Лабиринт Ариадны (СИ) - Хаан Ашира
— Ну разумеется, ты скажешь именно это! — киплю я. — Владельцев интересуют только деньги! Знаешь, у нас есть такое выражение «пипл хавает». Вот пока он хавает — качество никого не волнует. Но я не миллионерша, которая может купить целую компанию! У меня другие интересы.
— Какие же? — в его голосе появляется оттенок холода, но вино развязало язык и связало осторожность.
— Сделать хорошую игру! Не успешную, а качественную!
— Это твоя мечта? — он разворачивается спиной к стойке и опирается на нее локтями. Вино в его бокале словно бесконечное, хотя он часто прикладывается к нему. — Может быть, тебе создать свою собственную игру?

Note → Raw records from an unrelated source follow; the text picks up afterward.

text \<open>The map \<open>\<rho>\<close> fixes the block-ends, reverses the order of the entries larger than \<open>b\<^sub>1\<close>
  and replaces each entry \<open>c < b\<^bsub>r+1\<^esub>\<close> by \<open>b\<^bsub>r+1\<^esub> - c\<close>. Hence \<open>lrs(\<rho>(A))\<close> is the set of
  left-to-right maxima among the entries of \<open>A\<close> above \<open>b\<^sub>1\<close>, and \<open>rls(\<rho>(A))\<close> is in bijection
  with the left-to-right minima among the entries of \<open>A\<close> below \<open>b\<^bsub>r+1\<^esub>\<close>.
  In the insertion algorithm the relative height of two items never changes once both are
  present, and \<open>g\<^sub>1\<close> (resp. \<open>g\<^bsub>r+1\<^esub>\<close>) stays the highest (resp. lowest) green marker.
  So \<open>x\<^sub>i\<close> is a left-to-right maximum above \<open>b\<^sub>1\<close> iff at time \<open>i\<close> it was put above every
  item present, i.e. \<open>f(i) = i + r + 1\<close>: otherwise the item directly above it is either a green
  marker (so \<open>x\<^sub>i\<close> ends below \<open>b\<^sub>1\<close>) or an earlier \<open>x\<^sub>l\<close> that beats it. Dually \<open>x\<^sub>i\<close> is a
  left-to-right minimum below \<open>b\<^bsub>r+1\<^esub>\<close> iff \<open>f(i) = 1\<close>.\<close>

section \<open>Records of a list\<close>

definition left_records :: "('a \<Rightarrow> 'a \<Rightarrow> bool) \<Rightarrow> ('a \<Rightarrow> bool) \<Rightarrow> 'a list \<Rightarrow> 'a set" where
  "left_records R P ys = {ys!k | k. k < length ys \<and> P (ys!k) \<and>
     (\<forall>j. j < k \<and> P (ys!j) \<longrightarrow> R (ys!j) (ys!k))}"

— Может быть! — хорохорюсь я. — И это не смешно! У нас, знаешь, в индустрии принято смеяться над людьми, которые на собеседованиях говорят, что пришли делать «игру мечты». Мол, это так наивно и глупо. Игры должны приносить деньги! Никому не нужны квесты, которые пройдет один процент игроков, сосредоточьтесь на том, что заставит остальные 99 % оплатить абонемент! А я хочу, чтобы в мою игру возвращались даже спустя двадцать лет!
Я чувствую, как пылают щеки и щиплет губы вино. Кусаю их, но Дионис больше не обжигает их взглядом и не притягивает меня к себе.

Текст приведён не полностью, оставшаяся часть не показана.